The accelerating urbanization process on a global scale has made accurate, up-to-date and comparable mapping of built-up areas a critical requirement for sustainable urban planning, disaster risk reduction and monitoring of environmental changes [1]. In this context, built-up area segmentation and building footprint extraction are among the fundamental research topics in remote sensing-based spatial analysis studies [2]. Developing methods that are applicable over large areas, automated, scalable and temporally repeatable is of great importance for effectively monitoring urban growth and strengthening decision support systems.

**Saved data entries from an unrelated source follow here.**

lemma carrier_sum_qhomology_groups:
  "carrier (sum_group (path_components_of X) (\<lambda>S. qhomology_group tr n (subtopology X S)))
    = {x \<in> (\<Pi>\<^sub>E S\<in>path_components_of X. qhomology_class tr n (subtopology X S) `
                  carrier (qcycle_group tr n (subtopology X S))).
         finite {S \<in> path_components_of X. x S \<noteq> qboundary_set tr n (subtopology X S)}}"
proof -
  have class_epi: "qhomology_class tr n (subtopology X S)
                     \<in> epi (qcycle_group tr n (subtopology X S)) (qhomology_group tr n (subtopology X S))"
    "group (qhomology_group tr n (subtopology X S))" if "S \<in> path_components_of X" for S
    using qhomology_class_epi group_qhomology_group continuous_map_op_path_component[OF that]
    by auto
  have "carrier (qhomology_group tr n (subtopology X S))
          = qhomology_class tr n (subtopology X S) ` carrier (qcycle_group tr n (subtopology X S))"
    if "S \<in> path_components_of X" for S
    using class_epi(1)[OF that] by (simp add: epi_def)
  then show ?thesis
    using class_epi(2) by (simp add: carrier_sum_group qhomology_group_def cong: PiE_cong)
qed

lemma component_classes_hom:
  "component_classes tr n X
           \<in> hom (qcycle_group tr n X) (sum_group (path_components_of X) (\<lambda>S. qhomology_group tr n (subtopology X S)))"
proof (rule homI)
  fix z
  assume z: "z \<in> carrier (qcycle_group tr n X)"
  then have "singular_chain n X z"
    by simp
  then obtain F where F: "finite F" "\<And>S. S \<in> path_components_of X - F \<Longrightarrow> component_part S z = 0"
    using singular_chain_decompose_path_components by metis
  then have "{S \<in> path_components_of X. component_classes tr n X z S \<noteq> qboundary_set tr n (subtopology X S)} \<subseteq> F"
    by (auto simp: component_classes_def)
  with F(1) have "finite {S \<in> path_components_of X. component_classes tr n X z S \<noteq> qboundary_set tr n (subtopology X S)}"
    by (rule finite_subset[rotated])
  moreover have "component_classes tr n X z \<in> (\<Pi>\<^sub>E S\<in>path_components_of X.
                   qhomology_class tr n (subtopology X S) ` carrier (qcycle_group tr n (subtopology X S)))"
    using component_part_qcycle[OF z] by (simp add: component_classes_def)
  ultimately show "component_classes tr n X z
                     \<in> carrier (sum_group (path_components_of X) (\<lambda>S. qhomology_group tr n (subtopology X S)))"
    by (simp add: carrier_sum_qhomology_groups)
next
  fix z z'
  assume z: "z \<in> carrier (qcycle_group tr n X)" and z': "z' \<in> carrier (qcycle_group tr n X)"
  have "qhomology_class tr n (subtopology X S) (component_part S (z + z'))
        = qhomology_class tr n (subtopology X S) (component_part S z)
            \<otimes>\<^bsub>qhomology_group tr n (subtopology X S)\<^esub> qhomology_class tr n (subtopology X S) (component_part S z')"
    if S: "S \<in> path_components_of X" for S
  proof -
    have "qhomology_class tr n (subtopology X S)
            \<in> hom (qcycle_group tr n (subtopology X S)) (qhomology_group tr n (subtopology X S))"
      using qhomology_class_epi[OF continuous_map_op_path_component[OF S]]
      by (simp add: epi_def)
    from hom_mult[OF this component_part_qcycle[OF z S] component_part_qcycle[OF z' S]]
    show ?thesis
      by (simp add: component_part_add)
  qed
  then show "component_classes tr n X (z \<otimes>\<^bsub>qcycle_group tr n X\<^esub> z')
      = component_classes tr n X z
          \<otimes>\<^bsub>sum_group (path_components_of X) (\<lambda>S. qhomology_group tr n (subtopology X S))\<^esub>
        component_classes tr n X z'"
    by (simp add: component_classes_def cong: restrict_cong)
qed
lemma convex_product_estimate:
  fixes A A' ii ww b c a s t :: real
  assumes A0: "A \<ge> 0" "A' \<ge> 0" and CS: "ii^2 + 4 * ww^2 \<le> A * A'"
    and h1: "A + b^2 \<le> a^2" and h2: "A' + c^2 \<le> a^2" and a: "0 < a" "a \<le> 2"
    and st: "s \<ge> 0" "t \<ge> 0" "s + t = 1"
  shows "s^2 * A + t^2 * A' + 2 * s * t * ii + (s^2 * b + t^2 * c + s * t * ww)^2 \<le> a^2"
proof -
  have "a^2 \<le> 2^2" using a by (intro power_mono) auto
  then have "a^2 \<le> 4" by simp
  then have "A \<le> 4" "A' \<le> 4" using h1 h2 zero_le_power2[of b] zero_le_power2[of c] by linarith+
  then have cross: "2 * ii + ww^2 \<le> A + A'" by (rule cross_terms_le[OF A0 CS])
  define D where "D = ww - b - c"
  define m where "m = s * b + t * c"
  define E where "E = 2 * (ii + b * c - a^2) + 2 * m * D + D^2/4"
  have E_nonpos: "E \<le> 0" unfolding E_def D_def m_def by (rule convex_defect_nonpos[OF cross h1 h2 st])
  have t: "t = 1 - s" using st by simp
  have "s * t \<le> 1/4"
    unfolding t using zero_le_power2[of "2 * s - 1"] by (simp add: power2_eq_square algebra_simps)
  then have st4: "s * t * D^2 \<le> D^2/4"
    using mult_right_mono[of "s * t" "1/4" "D^2"] by simp
  have sum_sq: "s^2 + t^2 = 1 - 2 * s * t"
    unfolding t by (simp add: power2_eq_square algebra_simps)
  have vertical: "s^2 * b + t^2 * c + s * t * ww = m + s * t * D"
    unfolding m_def D_def t by (simp add: power2_eq_square algebra_simps)
  have "s^2 * A + t^2 * A' + 2 * s * t * ii + (s^2 * b + t^2 * c + s * t * ww)^2
     = s^2 * (A + b^2) + t^2 * (A' + c^2) + 2 * s * t * (ii + b * c) + 2 * s * t * m * D + s^2 * t^2 * D^2"
    unfolding vertical m_def by (simp add: power2_eq_square algebra_simps)
  also have "\<dots> \<le> (s^2 + t^2) * a^2 + 2 * s * t * (ii + b * c) + 2 * s * t * m * D + s^2 * t^2 * D^2"
    using mult_left_mono[OF h1, of "s^2"] mult_left_mono[OF h2, of "t^2"] by (simp add: distrib_right)
  also have "\<dots> = a^2 + s * t * (2 * (ii + b * c - a^2) + 2 * m * D + s * t * D^2)"
    unfolding sum_sq by (simp add: power2_eq_square algebra_simps)
  also have "\<dots> \<le> a^2 + s * t * E"
    unfolding E_def using st st4 by (intro add_left_mono mult_left_mono) auto
  also have "\<dots> \<le> a^2" using E_nonpos st by (simp add: mult_nonneg_nonpos)
  finally show ?thesis .
qed

lemma cball_convex_product:
  fixes P Q :: "'n::finite heis"
  assumes P: "P \<in> cball 0 a" and Q: "Q \<in> cball 0 a" and a: "0 < a" "a \<le> 2"
    and st: "s \<ge> 0" "t \<ge> 0" "s + t = 1"
  shows "hmult (hdil s P) (hdil t Q) \<in> cball 0 a"
proof -
  obtain x y b x' y' c where PQ: "P = (x,y,b)" "Q = (x',y',c)" by (cases P; cases Q) auto
  define A where "A = norm x^2 + norm y^2"
  define A' where "A' = norm x'^2 + norm y'^2"
  define ii where "ii = x \<bullet> x' + y \<bullet> y'"
  define ww where "ww = (1/2) * (x \<bullet> y' - y \<bullet> x')"
  have h1: "A + b^2 \<le> a^2" and h2: "A' + c^2 \<le> a^2" using P Q a
    by (simp_all add: PQ A_def A'_def abs_le_square_iff[symmetric] norm_heis_sq[symmetric])
  have CS: "ii^2 + 4 * ww^2 \<le> A * A'"
    unfolding ii_def ww_def A_def A'_def by (rule inner_symplectic_bound)
  have "norm (hmult (hdil s P) (hdil t Q))^2
      = s^2 * A + t^2 * A' + 2 * s * t * ii + (s^2 * b + t^2 * c + s * t * ww)^2"
    unfolding PQ hdil_simp hmult_simp norm_heis_sq norm_scaleR_add_sq A_def A'_def ii_def ww_def
    by (simp add: power2_eq_square algebra_simps)
  also have "\<dots> \<le> a^2"
    by (rule convex_product_estimate[OF _ _ CS h1 h2 a st]) (simp_all add: A_def A'_def)
  finally show ?thesis using a by (simp add: abs_le_square_iff[symmetric])
qed

text \<open>If p and q have gauge at most sp and sq, then delta_{1/R}(p q), R = sp + sq, is the
  convex product of the points delta_{1/sp} p and delta_{1/sq} q of B_a with weights sp/R, sq/R.\<close>
lemma gauge_hmult_le:
  assumes a: "0 < a" "a \<le> 2" and sp: "0 < sp" "gauge a p \<le> sp" and sq: "0 < sq" "gauge a q \<le> sq"
  shows "gauge a (hmult p q) \<le> sp + sq"
proof -
  define R where "R = sp + sq"
  have R: "R > 0" using sp sq by (simp add: R_def)
  have P: "hdil (1/sp) p \<in> cball 0 a" using gauge_le_iff[OF sp(1) a(1)] sp(2) by blast
  have Q: "hdil (1/sq) q \<in> cball 0 a" using gauge_le_iff[OF sq(1) a(1)] sq(2) by blast
  have "hmult (hdil (sp/R) (hdil (1/sp) p)) (hdil (sq/R) (hdil (1/sq) q)) \<in> cball 0 a"
    using sp sq R by (intro cball_convex_product[OF P Q a]) (auto simp: R_def add_divide_distrib[symmetric])
  also have "hmult (hdil (sp/R) (hdil (1/sp) p)) (hdil (sq/R) (hdil (1/sq) q)) = hdil (1/R) (hmult p q)"
    using sp sq by (simp add: hdil_hdil hdil_hmult)
  finally have "hdil (1/R) (hmult p q) \<in> cball 0 a" .
  then show ?thesis using gauge_le_iff[OF R a(1)] unfolding R_def by blast
qed
lemma gen_map_nxt:
  assumes "1 \<le> d" "i \<in> {1..d}" "w \<in> lists {1..d}"
  shows "gen d (nxt d i) (map (nxt d) w) = map (nxt d) (gen d i w)"
  using assms
proof (induction w arbitrary: i)
  case Nil then show ?case by simp
next
  case (Cons x w)
  have ni: "nxt d i \<in> {1..d}" using Cons.prems(1) by (rule nxt_in_range)
  have x: "x \<in> {1..d}" and w: "w \<in> lists {1..d}" using Cons.prems(3) by auto
  have "nxt d x = nxt d i \<longleftrightarrow> x = i" "nxt d x = nxt d (nxt d i) \<longleftrightarrow> x = nxt d i"
    using x ni Cons.prems(2) inj_on_eq_iff[OF inj_on_nxt] by blast+
  moreover have "gen d (nxt d i) (map (nxt d) w) = map (nxt d) (gen d i w)"
    "gen d (nxt d (nxt d i)) (map (nxt d) w) = map (nxt d) (gen d (nxt d i) w)"
    using Cons.IH Cons.prems(1,2) ni w by blast+
  ultimately show ?case by simp
qed

lemma word_act_lists:
  "1 \<le> d \<Longrightarrow> js \<in> lists {1..d} \<Longrightarrow> u \<in> lists {1..d} \<Longrightarrow>
   word_act d js u \<in> lists {1..d}"
proof (induction js arbitrary: u)
  case (Cons j js)
  have "j \<in> {1..d}" "js \<in> lists {1..d}" using Cons.prems(2) by simp_all
  with Cons.prems(1,3) have "gen d j u \<in> lists {1..d}" "js \<in> lists {1..d}"
    using gen_lists by blast+
  then show ?case using Cons.IH Cons.prems(1) by simp
qed simp

lemma word_act_map_nxt:
  "1 \<le> d \<Longrightarrow> js \<in> lists {1..d} \<Longrightarrow> u \<in> lists {1..d} \<Longrightarrow>
   word_act d (map (nxt d) js) (map (nxt d) u) = map (nxt d) (word_act d js u)"
proof (induction js arbitrary: u)
  case (Cons j js)
  have "j \<in> {1..d}" "js \<in> lists {1..d}" using Cons.prems(2) by simp_all
  with Cons.prems(1,3) have "gen d j u \<in> lists {1..d}" "js \<in> lists {1..d}"
      and "gen d (nxt d j) (map (nxt d) u) = map (nxt d) (gen d j u)"
    using gen_lists gen_map_nxt by blast+
  then show ?case using Cons.IH Cons.prems(1) by simp
qed simp

lemma nontrivial_powers_below_map_nxt:
  assumes d: "1 \<le> d" and js: "js \<in> lists {1..d}"
    and "nontrivial_powers_below d (word_act d js) L"
  shows "nontrivial_powers_below d (word_act d (map (nxt d) js)) L"
proof (rule nontrivial_powers_below_conj[OF inj_on_nxt])
  show "nxt d ` {1..d} \<subseteq> {1..d}" using nxt_in_range[OF d] by blast
  show "word_act d js u \<in> lists {1..d}" if "u \<in> lists {1..d}" for u
    using word_act_lists[OF d js that] .
  show "word_act d (map (nxt d) js) (map (nxt d) u) = map (nxt d) (word_act d js u)"
    if "u \<in> lists {1..d}" for u
    using word_act_map_nxt[OF d js that] .
qed fact

lemma h_word_Cons_1:
  assumes "2 \<le> i" "i < d"
  shows "word_act d (h_word i) (1 # w) = Suc i # word_act d [1..<Suc i] w"
proof -
  have "word_act d [1..<i] (1 # w) = i # word_act d [1..<i] w"
    using assms by (intro word_act_upt_Cons) auto
  moreover have "nxt d i = Suc i" using assms by (simp add: nxt_less)
  moreover have "word_act d (rev [2..<i]) (Suc i # v) = Suc i # v" for v
    using assms by (intro word_act_Cons_fixed) (auto simp: nxt_less)
  ultimately show ?thesis unfolding h_word_def using assms by simp
qed

lemma h_word_Cons_Suc:
  assumes "2 \<le> i" "i < d"
  shows "word_act d (h_word i) (Suc i # w) = 2 # word_act d (Suc i # map Suc (rev [2..<i])) w"
proof -
  have "word_act d [1..<i] (Suc i # w) = Suc i # w"
    using assms by (intro word_act_Cons_fixed) (auto simp: nxt_less)
  moreover have "nxt d i = Suc i" using assms by (simp add: nxt_less)
  moreover have "word_act d (rev [2..<i]) (i # v) = 2 # word_act d (map Suc (rev [2..<i])) v" for v
    using assms by (intro word_act_rev_upt_Cons) auto
  ultimately show ?thesis unfolding h_word_def by simp
qed

lemma h_word_Cons_2:
  assumes "2 \<le> i" "i < d"
  shows "word_act d (h_word i) (2 # w) = 1 # word_act d [2] w"
proof -
  have "[1..<i] = 1 # [2..<i]" using assms by (simp add: upt_conv_Cons numeral_2_eq_2)
  moreover have "nxt d 1 = 2" using assms by (simp add: nxt_less)
  moreover have "nxt d i = Suc i" using assms by (simp add: nxt_less)
  moreover have "word_act d [2..<i] (1 # v) = 1 # v" "word_act d (rev [2..<i]) (1 # v) = 1 # v" for v
    using assms by (intro word_act_Cons_fixed; auto simp: nxt_less)+
  ultimately show ?thesis unfolding h_word_def using assms by simp
qed

lemma h_word_Suc:
  assumes "2 \<le> i"
  shows "h_word (Suc i) = [1..<Suc i] @ (Suc i # map Suc (rev [2..<i])) @ [2]"
proof -
  have "map Suc (rev [2..<i]) @ [2] = rev [2..<Suc i]"
    using assms by (simp add: rev_map[symmetric] map_Suc_upt upt_conv_Cons)
  then show ?thesis unfolding h_word_def by simp
qed

lemma nontrivial_powers_below_h_word_of_Suc:
  assumes i: "2 \<le> i" "i < d" and "nontrivial_powers_below d (word_act d (h_word (Suc i))) L"
  shows "nontrivial_powers_below d (word_act d (h_word i)) (3 * L)"
proof (rule nontrivial_powers_below_section[where x = 1])
  let ?g = "word_act d (h_word i)"
  fix w
  have "(?g ^^ 3) (1 # w) = ?g (?g (?g (1 # w)))" by (simp add: numeral_eq_Suc)
  also have "\<dots> = 1 # word_act d (h_word (Suc i)) w"
    by (simp only: h_word_Cons_1[OF i] h_word_Cons_Suc[OF i] h_word_Cons_2[OF i]
        word_act_append h_word_Suc[OF i(1)])
  finally show "(?g ^^ 3) (1 # w) = 1 # word_act d (h_word (Suc i)) w" .
  fix j :: nat and w'
  assume "0 < j" "j < 3"
  then have "j = 1 \<or> j = 2" by auto
  then show "(?g ^^ j) (1 # w) \<noteq> 1 # w'"
  proof
    assume "j = 2"
    then have "(?g ^^ j) (1 # w) = ?g (?g (1 # w))" by (simp add: numeral_eq_Suc)
    also have "\<dots> = 2 # word_act d (Suc i # map Suc (rev [2..<i])) (word_act d [1..<Suc i] w)"
      by (simp only: h_word_Cons_1[OF i] h_word_Cons_Suc[OF i])
    finally show ?thesis by simp
  qed (use h_word_Cons_1[OF i, of w] i in simp)
qed (use assms in auto)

Very High Resolution (VHR) imagery enables the detailed delineation of building boundaries and has significantly expanded the potential for automated building footprint extraction. However, practical challenges associated with large-scale and frequently updated applications may limit the operational sustainability of these data sources [3]. In contrast, Sentinel-2 imagery, provided within the scope of the Copernicus program, offers an important alternative due to its advantages of free accessibility, global coverage, and high temporal revisit capability [4]. Nevertheless, the 10 m spatial resolution of Sentinel-2 introduces several structural limitations in terms of the detailed representation of urban areas. At this resolution, a single pixel represents approximately 100 m², and in urban regions where different building and surface types coexist, multiple land-cover components may be present within the same pixel. Commonly referred to as the “mixed pixel” or sub-pixel problem, this phenomenon complicates the accurate and spectrally pure representation of built-up areas [5].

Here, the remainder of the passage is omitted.